Clearly even in James’s time, so close to Jesus’ sojourn on earth, the love commandment was a challenge. When believers gathered for worship, they tended to show favor to the wealthy and disdain for the poor. James warned that this pattern of thinking and behaving contradicted the twofold love commandment of love for neighbor and love for God.


Do we show this kind of favoritism today? In what ways? Why might we do this? I suspect that we do it because – in too many ways shaped as much as by our culture as by the kingdom of God – we desire to possess the cultural marks of favor for our self. We envy worldly riches in others because we want them for our self. Consciously or unconsciously, we betray this cultural pattern of thinking and behaving when we show favoritism to those who possess worldly riches.

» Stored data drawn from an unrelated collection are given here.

(* Consider $N$ nodes, of which nodes $1,\dots,N_1$ are Byzantine and nodes $N_1+1,\dots,N$ are honest. For each node $i$, let $M$ be a positive integer, $\sigma_i>0$, $\eta_i\ge 0$, and let $Y_i$ be a random variable such that $Y_i/\sigma_i^2$ has the central chi-square distribution with $M$ degrees of freedom under hypothesis $H_0$, and the non-central chi-square distribution with $M$ degrees of freedom and non-centrality parameter $\eta_i$ under hypothesis $H_1$. Each Byzantine node $i\in\{1,\dots,N_1\}$, with attack probability $P_i\in[0,1]$ and attack strength $\Delta_i$, reports $\tilde Y_i=Y_i+\Delta_i$ with probability $P_i$ and $\tilde Y_i=Y_i$ with probability $1-P_i$ under $H_0$, and $\tilde Y_i=Y_i-\Delta_i$ with probability $P_i$ and $\tilde Y_i=Y_i$ with probability $1-P_i$ under $H_1$ (the attack decision being independent of $Y_i$). Let $\tilde w_1,\dots,\tilde w_{N_1}>0$ be the weights of the Byzantine nodes and $w_{N_1+1},\dots,w_N>0$ those of the honest nodes, $\mathrm{sum}(w)=\sum_{i=1}^{N_1}\tilde w_i+\sum_{i=N_1+1}^N w_i$, and consider the global test statistic $$\Lambda=\frac{\sum_{i=1}^{N_1}\tilde w_i\tilde Y_i+\sum_{i=N_1+1}^N w_iY_i}{\mathrm{sum}(w)}.$$ Then the deflection coefficient $\mathcal D(\Lambda)=(\mu_1-\mu_0)^2/\sigma_{(0)}^2$ equals zero if and only if $$\sum_{i=1}^{N_1}\tilde w_i\,(2P_i\Delta_i-\eta_i\sigma_i^2)=\sum_{i=N_1+1}^N w_i\,\eta_i\sigma_i^2 .$$
   Context: $\mu_k=\mathbb E[\Lambda\mid H_k]$ for $k=0,1$ and $\sigma_{(0)}^2=\mathbb E[(\Lambda-\mu_0)^2\mid H_0]$. The random variables $Y_1,\dots,Y_N$ and the attack decisions of the Byzantine nodes are mutually independent. A network is called blind when its deflection coefficient is zero. *)

theory Defs
  imports "HOL-Probability.Probability"
begin

definition chi2_density :: "nat \<Rightarrow> real \<Rightarrow> real" where
  "chi2_density k x =
     (if x > 0 then x powr (real k / 2 - 1) * exp (- x / 2) / (2 powr (real k / 2) * Gamma (real k / 2))
      else 0)"

definition ncchi2_density :: "nat \<Rightarrow> real \<Rightarrow> real \<Rightarrow> real" where
  "ncchi2_density k eta x =
     (\<Sum>j. exp (- eta / 2) * (eta / 2) ^ j / fact j * chi2_density (k + 2 * j) x)"

text \<open>Deflection coefficient of a test statistic, given its version L0 under H0 (measure M0)
  and L1 under H1 (measure M1): (mu1 - mu0)^2 / sigma0^2.\<close>
definition deflection ::
  "'a measure \<Rightarrow> 'a measure \<Rightarrow> ('a \<Rightarrow> real) \<Rightarrow> ('a \<Rightarrow> real) \<Rightarrow> real" where
  "deflection M0 M1 L0 L1 =
     (let mu0 = (\<integral>\<omega>. L0 \<omega> \<partial>M0);
          mu1 = (\<integral>\<omega>. L1 \<omega> \<partial>M1);
          s0 = (\<integral>\<omega>. (L0 \<omega> - mu0)\<^sup>2 \<partial>M0)
      in (mu1 - mu0)\<^sup>2 / s0)"

end

theory Submission
  imports Defs
begin

text \<open>Under either hypothesis the global statistic is a fixed linear combination of the
  independent readings \<open>Y\<^sub>i\<close> and attack indicators \<open>1[B\<^sub>i]\<close>, only the sign of the attack
  coefficients changing. Under H0 its variance is therefore the weighted sum of the variances of
  these terms, which is positive since a scaled chi-square reading has variance
  \<open>2 M \<sigma>\<^sub>i\<^sup>4 > 0\<close>; so the deflection vanishes exactly when \<open>\<mu>\<^sub>1 = \<mu>\<^sub>0\<close>. The means follow from
  \<open>E[\<chi>\<^sup>2\<^sub>M] = M\<close>, \<open>E[\<chi>'\<^sup>2\<^sub>M(\<eta>)] = M + \<eta>\<close> (via the Poisson mixture defining the non-central density)
  and \<open>E[1[B\<^sub>i]] = P\<^sub>i\<close>, which give
  \<open>sum(w) (\<mu>\<^sub>1 - \<mu>\<^sub>0) = \<Sum>\<^sub>i w\<^sub>i \<eta>\<^sub>i \<sigma>\<^sub>i\<^sup>2 - 2 \<Sum>\<^sub>i\<^sub>\<le>\<^sub>N\<^sub>1 w\<^sub>i P\<^sub>i \<Delta>\<^sub>i\<close>.\<close>

lemma chi2_density_nonneg: "0 \<le> chi2_density k x"
proof -
  have "0 \<le> Gamma (real k / 2)"
    by (cases "k = 0") (auto intro: less_imp_le)
  then show ?thesis
    by (auto simp: chi2_density_def intro!: divide_nonneg_nonneg)
qed

lemma borel_measurable_chi2_density [measurable]: "chi2_density k \<in> borel_measurable borel"
  unfolding chi2_density_def by measurable

lemma chi2_density_eq_0: "x \<le> 0 \<Longrightarrow> chi2_density k x = 0"
  by (simp add: chi2_density_def)

lemma chi2_density_mult_power_nonneg: "0 \<le> chi2_density k x * x ^ m"
  by (cases "x \<le> 0") (simp_all add: chi2_density_eq_0 chi2_density_nonneg)

text \<open>Substituting x = 2t turns the moment integral into Euler's integral for Gamma (k/2 + m).\<close>
lemma nn_integral_chi2_density_moment:
  assumes "0 < k"
  shows "(\<integral>\<^sup>+x. ennreal (chi2_density k x * x ^ m) \<partial>lborel)
           = ennreal (2 ^ m * pochhammer (real k / 2) m)"
proof -
  define a where "a = real k / 2"
  have a: "0 < a" using assms by (simp add: a_def)
  have density_2t: "chi2_density k (2 * t) * (2 * t) ^ m
      = 2 ^ m / (2 * Gamma a) * (indicator {0..} t * t powr (a + real m - 1) / exp t)" for t :: real
  proof (cases "0 < t")
    case True
    have "chi2_density k (2 * t) * (2 * t) ^ m
        = (2 * t) powr (a - 1) * exp (- t) / (2 powr a * Gamma a) * (2 ^ m * t ^ m)"
      using True by (simp add: chi2_density_def a_def power_mult_distrib)
    also have "(2 * t) powr (a - 1) = 2 powr a / 2 * t powr (a - 1)"
      using True by (simp add: powr_mult powr_diff)
    also have "2 powr a / 2 * t powr (a - 1) * exp (- t) / (2 powr a * Gamma a) * (2 ^ m * t ^ m)
        = 2 ^ m / (2 * Gamma a) * (t powr (a - 1) * t ^ m * exp (- t))"
      by (simp add: field_simps)
    also have "t powr (a - 1) * t ^ m = t powr (a + real m - 1)"
      using True by (simp add: powr_add powr_diff powr_realpow)
    finally show ?thesis
      using True by (simp add: exp_minus field_simps)
  qed (auto simp: chi2_density_eq_0 indicator_def)
  have "(\<integral>\<^sup>+x. ennreal (chi2_density k x * x ^ m) \<partial>lborel)
      = 2 * (\<integral>\<^sup>+t. ennreal (chi2_density k (2 * t) * (2 * t) ^ m) \<partial>lborel)"
    using nn_integral_real_affine[where c=2 and t=0 and f="\<lambda>x. ennreal (chi2_density k x * x ^ m)"]
    by simp
  also have "\<dots> = 2 * (\<integral>\<^sup>+t. ennreal (2 ^ m / (2 * Gamma a))
                    * ennreal (indicator {0..} t * t powr (a + real m - 1) / exp t) \<partial>lborel)"
    unfolding density_2t using a by (simp add: ennreal_mult'[symmetric])
  also have "\<dots> = 2 * (ennreal (2 ^ m / (2 * Gamma a)) * ennreal (Gamma (a + real m)))"
    using a by (subst nn_integral_cmult) (auto simp: Gamma_conv_nn_integral_real)
  also have "\<dots> = ennreal (2 ^ m * (Gamma (a + real m) / Gamma a))"
    using a by (simp add: ennreal_mult'[symmetric] field_simps flip: ennreal_numeral)
  also have "Gamma (a + real m) / Gamma a = pochhammer a m"
    using a by (simp add: pochhammer_Gamma nonpos_Ints_def)
  finally show ?thesis by (simp add: a_def)
qed

lemma
  assumes "0 < k"
  shows integrable_chi2_density_moment: "integrable lborel (\<lambda>x. chi2_density k x * x ^ m)"
    and lborel_integral_chi2_density_moment:
      "(\<integral>x. chi2_density k x * x ^ m \<partial>lborel) = 2 ^ m * pochhammer (real k / 2) m"
proof -
  have "0 \<le> pochhammer (real k / 2) m"
    using assms by (intro pochhammer_nonneg) simp
  then show "integrable lborel (\<lambda>x. chi2_density k x * x ^ m)"
            "(\<integral>x. chi2_density k x * x ^ m \<partial>lborel) = 2 ^ m * pochhammer (real k / 2) m"
    using nn_integral_chi2_density_moment[OF assms]
    by (auto simp: chi2_density_mult_power_nonneg integral_eq_nn_integral
             intro!: integrableI_nn_integral_finite)
qed
lemma times_self_lesspoll:
  assumes "X \<prec> B" "infinite B"
  shows "X \<times> X \<prec> B"
proof (cases "finite X")
  case True
  then show ?thesis using assms(2) by (intro finite_lesspoll_infinite) simp_all
next
  case False
  then have "X \<times> X \<approx> X"
    using card_of_Times_same_infinite[OF False] eqpoll_iff_card_of_ordIso by blast
  then show ?thesis using assms(1) by (rule eq_lesspoll_trans)
qed

lemma uncountable_infinite_lessThan:
  assumes "uncountable (UNIV :: 'a::wellorder set)"
  shows "\<exists>m. k \<le> m \<and> infinite {..<m::'a}"
proof -
  have "\<not> (\<forall>x::'a. finite {..<x})"
  proof
    assume fin: "\<forall>x::'a. finite {..<x}"
    have "inj (\<lambda>x::'a. card {..<x})"
    proof (rule linorder_injI)
      fix x y :: 'a assume "x < y"
      then have "{..<x} \<subset> {..<y}" by auto
      then show "card {..<x} \<noteq> card {..<y}" using psubset_card_mono fin by (metis less_irrefl)
    qed
    then have "countable (UNIV :: 'a set)" by (rule countableI)
    with assms show False by blast
  qed
  then obtain m0 :: 'a where "infinite {..<m0}" by blast
  moreover have "{..<m0} \<subseteq> {..<max k m0}" by auto
  ultimately have "infinite {..<max k m0}" by (metis infinite_super)
  then show ?thesis by (intro exI[of _ "max k m0"]) simp
qed
lemma shift_occ:
  assumes v1: "v1 = u1 @ w" and v2: "v2 = u2 @ w" and e: "v1 @ y1 = v2 @ y2"
    and lt: "length v1 < length v2"
  shows "\<exists>t. t \<noteq> [] \<and> y1 = t @ y2 \<and> length t \<in> occs w (w @ y1)"
proof -
  obtain t where "(v1 = v2 @ t \<and> t @ y1 = y2) \<or> (v1 @ t = v2 \<and> y1 = t @ y2)"
    using e by (auto simp: append_eq_append_conv2)
  hence t: "v1 @ t = v2" "y1 = t @ y2" using lt by auto
  hence tne: "t \<noteq> []" using lt by auto
  have "length u2 \<in> occs w (v2 @ y2)" using v2 occs_end occs_append_left by metis
  hence "length u2 \<in> occs w (u1 @ (w @ y1))" using e v1 by simp
  moreover have "length u1 \<le> length u2" using lt v1 v2 by simp
  ultimately have "length u2 - length u1 \<in> occs w (w @ y1)"
    using occs_append_inv_right by blast
  moreover have "length u2 - length u1 = length t"
    using arg_cong[OF t(1), of length] v1 v2 by simp
  ultimately show ?thesis using tne t by auto
qed

lemma unambiguous_Ends:
  assumes S: "\<And>y1 y2 t. y1 \<in> S \<Longrightarrow> y2 \<in> S \<Longrightarrow> t \<noteq> [] \<Longrightarrow> y1 = t @ y2 \<Longrightarrow>
                length t \<in> occs w (w @ y1) \<Longrightarrow> False"
  shows "unambiguous (Ends w) S"
  unfolding unambiguous_def
proof (rule inj_onI, clarsimp simp: Ends_def)
  fix u1 y1 u2 y2
  assume y: "y1 \<in> S" "y2 \<in> S" and e: "u1 @ w @ y1 = u2 @ w @ y2"
  have "\<not> length (u1 @ w) < length (u2 @ w)"
    using shift_occ[of "u1 @ w" u1 w "u2 @ w" u2 y1 y2] e S y by auto
  moreover have "\<not> length (u2 @ w) < length (u1 @ w)"
    using shift_occ[of "u2 @ w" u2 w "u1 @ w" u1 y2 y1] e S y by auto
  ultimately have "length u1 = length u2" by simp
  thus "u1 = u2 \<and> y1 = y2" using e by auto
qed
(* Assume $\sum_{i=1}^M b_i<1$ and let $\mathbf r^\star=\mathbf r^\star(\epsilon)$ be the energy-scarce solution defined in the context. Then, with $M$, $(w_i)$, $(b_i)$ fixed, as $\epsilon\to0^+$, $$\big|\bar\Delta(\mathbf r^\star)-\bar\Delta_{\mathrm{opt}}(\epsilon)\big|\le \epsilon\, C_2+o(\epsilon),\qquad C_2=\sum_{l=1}^M\frac{w_l}{b_l\big(1-\sum_{i=1}^M b_i\big)}\Big(3\sum_{i=1}^M b_i-\min_j b_j\Big).$$
   Context: Fix an integer $M\ge1$, weights $w_1,\dots,w_M>0$, constants $b_1,\dots,b_M>0$, and $\epsilon>0$. For $\mathbf r\in(0,\infty)^M$ write $S(\mathbf r)=\sum_{i=1}^M r_i$ and define $$\bar\Delta(\mathbf r)=\sum_{l=1}^M \frac{w_l e^{-r_l\epsilon}}{r_l}\, e^{\epsilon S(\mathbf r)}\big(1+S(\mathbf r)\big)+\sum_{l=1}^M w_l,\qquad \sigma_l(\mathbf r)=\frac{(1-e^{-r_l\epsilon})S(\mathbf r)+r_le^{-r_l\epsilon}}{S(\mathbf r)+1}.$$ Problem 1: minimize $\bar\Delta(\mathbf r)$ over $\mathbf r\in(0,\infty)^M$ subject to $\sigma_l(\mathbf r)\le b_l$ for all $l$; its optimal (infimum) value is $\bar\Delta_{\mathrm{opt}}(\epsilon)$. Energy-scarce solution (when $B:=\sum_i b_i<1$): for each $l$ let $$c_l=\frac{2b_l(1-B)^2}{b_l(1-B)^2+\sqrt{b_l^2(1-B)^4+4b_l^2(1-B)^2(B-b_l)\epsilon}},$$ let $x^\star=\frac{\min_l c_l}{1-B}$, $\beta^\star=\sum_{i=1}^M \frac{1}{\sqrt{w_i}}$, and set $r^\star_l=\min\{b_l,\beta^\star\sqrt{w_l}\}\,x^\star$ (which equals $b_l x^\star$). *)

theory Defs
  imports "HOL-Analysis.Analysis" "HOL-Library.Landau_Symbols"
begin
text \<open>The point \<open>a = x i\<close> has multiplicity \<open>m\<close>; all other points keep distance at least \<open>\<rho>\<close>
  from it modulo \<open>T\<close>, and \<open>gap\<close> quantifies the strict convexity of \<open>r \<mapsto> r\<^sup>p\<close> at \<open>r = m\<close>.\<close>

locale rigid_move =
  fixes s p :: real and T :: nat and x :: "nat \<Rightarrow> real" and i :: nat and m \<rho> \<eta> :: real
  assumes s: "0 < s" "s < 1" and p: "1 < p" and sp: "s * p < 1"
    and x: "\<forall>j\<in>{1..T}. 0 \<le> x j \<and> x j < real T" and i: "i \<in> {1..T}"
    and m: "real (card {j\<in>{1..T}. x j = x i}) = m"
    and \<rho>: "0 < \<rho>" "\<rho> \<le> real T / 4" "\<rho> \<le> 1"
    and isolated: "\<forall>j\<in>{1..T}. x j \<noteq> x i \<longrightarrow> \<rho> \<le> \<bar>x j - x i\<bar> \<and> \<rho> \<le> real T - \<bar>x j - x i\<bar>"
    and \<eta>: "\<eta> > 0"
    and gap: "\<And>d. 0 \<le> d \<Longrightarrow> d \<le> 2 * \<rho> \<Longrightarrow> \<bar>m - 1 - d\<bar> powr p + (1 + \<eta>) \<le> \<bar>m - d\<bar> powr p"
begin

abbreviation "a \<equiv> x i"
abbreviation "q \<equiv> 1 + s * p"
abbreviation "u \<equiv> u_conf T x"
abbreviation "K \<equiv> gagliardo_kernel s p T x"
abbreviation "K' h \<equiv> gagliardo_kernel s p T (rigid_var x i h)"
abbreviation "D h \<equiv> jump_count T a h"

definition bare_kernel :: "real \<Rightarrow> real \<Rightarrow> ennreal" where
  "bare_kernel t y = ennreal (\<bar>t - y\<bar> powr (- q))"

lemma bare_kernel_measurable [measurable]: "case_prod bare_kernel \<in> borel_measurable (lborel \<Otimes>\<^sub>M lborel)"
  unfolding bare_kernel_def by measurable

lemma T_pos: "T > 0"
  using i by auto

lemma u_near:
  assumes "\<bar>y - a\<bar> < \<rho>" "\<bar>z - a\<bar> < \<rho>"
  shows "u y - u z = (y - z) + m * (of_bool (y < a) - of_bool (z < a))"
  unfolding m[symmetric] using x i \<rho> isolated assms
  by (intro u_conf_diff_near_point[OF T_pos x]) auto

lemma K_eq: "K t y = ennreal (\<bar>u t - u y\<bar> powr p / \<bar>t - y\<bar> powr q)"
  unfolding gagliardo_kernel_def ..

lemma K'_eq: "K' h t y = ennreal (\<bar>u t - u y + (D h t - D h y)\<bar> powr p / \<bar>t - y\<bar> powr q)"
  unfolding gagliardo_kernel_def u_conf_rigid_var[OF i] by (simp add: algebra_simps)

lemma D_eq_one: "0 < h \<Longrightarrow> h < \<rho> / 2 \<Longrightarrow> t \<in> {a..<a + h} \<Longrightarrow> D h t = 1"
  using T_pos \<rho> by (intro jump_count_eq_one) auto

lemma D_eq_zero:
  "0 < h \<Longrightarrow> h < \<rho> / 2 \<Longrightarrow> t \<in> {a - real T / 2..<a + real T / 2} \<Longrightarrow> t \<notin> {a..<a + h} \<Longrightarrow> D h t = 0"
  using T_pos \<rho> by (intro jump_count_eq_zero) auto
theorem hyp1F1_kummer:
  assumes b: "b \<notin> \<int>\<^sub>\<le>\<^sub>0"
  shows "hyp1F1 a b z = exp z * hyp1F1 (b - a) b (- z)"
proof -
  have "hyp1F1 a b z = eval_fps (fps_exp 1 * fps_hypergeo [b - a] [b] (- 1)) z"
    by (simp add: hyp1F1_eq_eval_fps_1 fps_hypergeo_1F1_kummer[OF b])
  also have "\<dots> = exp z * eval_fps (fps_hypergeo [b - a] [b] (- 1)) z"
    by (simp add: eval_fps_mult fps_conv_radius_hypergeo_1F1[OF b])
  finally show ?thesis
    using hyp1F1_eq_eval_fps[of "b - a" b "- 1" z] by simp
qed

lemma hyp1F1_sums:
  assumes "b \<notin> \<int>\<^sub>\<le>\<^sub>0"
  shows "(\<lambda>k. pochhammer a k / pochhammer b k * z ^ k / of_nat (fact k)) sums hyp1F1 a b z"
proof -
  have "summable (\<lambda>k. fps_hypergeo [a] [b] 1 $ k * z ^ k)"
    by (rule summable_fps) (simp add: fps_conv_radius_hypergeo_1F1[OF assms])
  also have "(\<lambda>k. fps_hypergeo [a] [b] 1 $ k * z ^ k)
      = (\<lambda>k. pochhammer a k / pochhammer b k * z ^ k / of_nat (fact k))"
    by (simp add: fun_eq_iff mult_ac)
  finally show ?thesis
    unfolding hyp1F1_def by (rule summable_sums)
qed

lemma cnj_hyp1F1:
  assumes "b \<notin> \<int>\<^sub>\<le>\<^sub>0"
  shows "cnj (hyp1F1 a b z) = hyp1F1 (cnj a) (cnj b) (cnj z)"
proof -
  have "(\<lambda>k. pochhammer (cnj a) k / pochhammer (cnj b) k * cnj z ^ k / of_nat (fact k))
      sums cnj (hyp1F1 a b z)"
    using sums_cnj[THEN iffD2, OF hyp1F1_sums[OF assms]] by simp
  then show ?thesis
    unfolding hyp1F1_def by (simp add: sums_iff)
qed

lemma times_deriv_hyp1F1:
  assumes b: "b \<notin> \<int>\<^sub>\<le>\<^sub>0"
  shows "z * deriv (hyp1F1 a b) z = eval_fps (fps_XD (fps_hypergeo [a] [b] 1)) z"
proof -
  let ?H = "fps_hypergeo [a] [b] 1"
  have "deriv (hyp1F1 a b) z = eval_fps (fps_deriv ?H) z"
    unfolding hyp1F1_eq_eval_fps_1
    by (intro DERIV_imp_deriv has_field_derivative_eval_fps)
       (simp add: fps_conv_radius_hypergeo_1F1[OF b])
  moreover have "fps_conv_radius (fps_deriv ?H) = \<infinity>"
    using fps_conv_radius_deriv[of ?H] by (simp add: fps_conv_radius_hypergeo_1F1[OF b])
  ultimately show ?thesis
    by (simp add: fps_XD_def eval_fps_mult)
qed

lemma hyp1F1_contiguous:
  assumes b: "b \<notin> \<int>\<^sub>\<le>\<^sub>0"
  shows "z * deriv (hyp1F1 a b) z = a * (hyp1F1 (a + 1) b z - hyp1F1 a b z)"
proof -
  let ?H0 = "fps_hypergeo [a] [b] 1" and ?H1 = "fps_hypergeo [a + 1] [b] 1"
  have "fps_conv_radius ?H0 = \<infinity>" "fps_conv_radius ?H1 = \<infinity>"
    by (simp_all add: fps_conv_radius_hypergeo_1F1[OF b])
  moreover from this have "fps_conv_radius (?H1 - ?H0) = \<infinity>"
    by (rule fps_conv_radius_diff_infinite[rotated])
  ultimately show ?thesis
    unfolding times_deriv_hyp1F1[OF b]
    by (simp add: fps_XD_hypergeo_1F1 eval_fps_mult eval_fps_diff hyp1F1_eq_eval_fps_1)
qed

lemma hyp1F1_contiguous_plus_1:
  assumes b: "b \<notin> \<int>\<^sub>\<le>\<^sub>0"
  shows "z * deriv (hyp1F1 (a + 1) b) z
           = (b - a - 1) * (hyp1F1 a b z - hyp1F1 (a + 1) b z) + z * hyp1F1 (a + 1) b z"
proof -
  let ?H0 = "fps_hypergeo [a] [b] 1" and ?H1 = "fps_hypergeo [a + 1] [b] 1"
  have "fps_conv_radius ?H0 = \<infinity>" "fps_conv_radius ?H1 = \<infinity>"
    by (simp_all add: fps_conv_radius_hypergeo_1F1[OF b])
  moreover from this have "fps_conv_radius (fps_const (b - a - 1) * (?H0 - ?H1)) = \<infinity>"
    and "fps_conv_radius (fps_X * ?H1) = \<infinity>"
    by (simp_all add: fps_conv_radius_mult_infinite fps_conv_radius_diff_infinite)
  ultimately show ?thesis
    unfolding times_deriv_hyp1F1[OF b]
    by (simp add: fps_XD_hypergeo_1F1_plus_1[OF b] eval_fps_mult eval_fps_diff eval_fps_add
        hyp1F1_eq_eval_fps_1 fps_conv_radius_mult_infinite fps_conv_radius_diff_infinite)
qed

Yet God wants to humble us in order to exalt us with true richness – richness of trust, hope, and love in him. When we possess true riches, the riches of the kingdom, we will lavish not envy and favoritism but love on our neighbor, no matter their circumstances in worldly terms.

Saturday, August 15, 2009

Some Brief Thoughts on Work as Blessing and Curse

In the world as we know it, work is ambiguous. It is both blessing and curse. The admixture makes us ambivalent about work. In general, it is better to have work than not, though we tire of work and desire not to work. Yet not having work or not being at work finally has positive value for us only as respite from having work or being at work.

Even this way of putting the matter evokes the ambiguity and our ambivalence, for there is a subtle but significant difference between the phrases "to have work" and "to work". Likewise, there is a subtle but distinct difference in meaning between "at work" as a place and "work" or "at work" as a verb or an activity. "I am at work" means something different from "I work" or "I am working."

God created us to be, yes, and also to do or to make. So in God's good created order, being and making are blessing, even if, as finite creatures, we tire as we live and act. Yet in a sinful world, tiredness takes on a different quality, the character of a curse. Tiredness results not only from our finitude but from our servitude, our bondage to sin and death. Being wears upon us, and making wears us out. Compare the tiredness an athlete feels after hours of exertion in a favorite sport with the tiredness a seamstress feels after long days in a sweatshop.

Work as God intended it and made us for in original creation is more like what we experience in this life as activity when engaged in hobbies.

Wednesday, August 12, 2009

God Loves Us

God loves us as we are, but he never leaves as we are.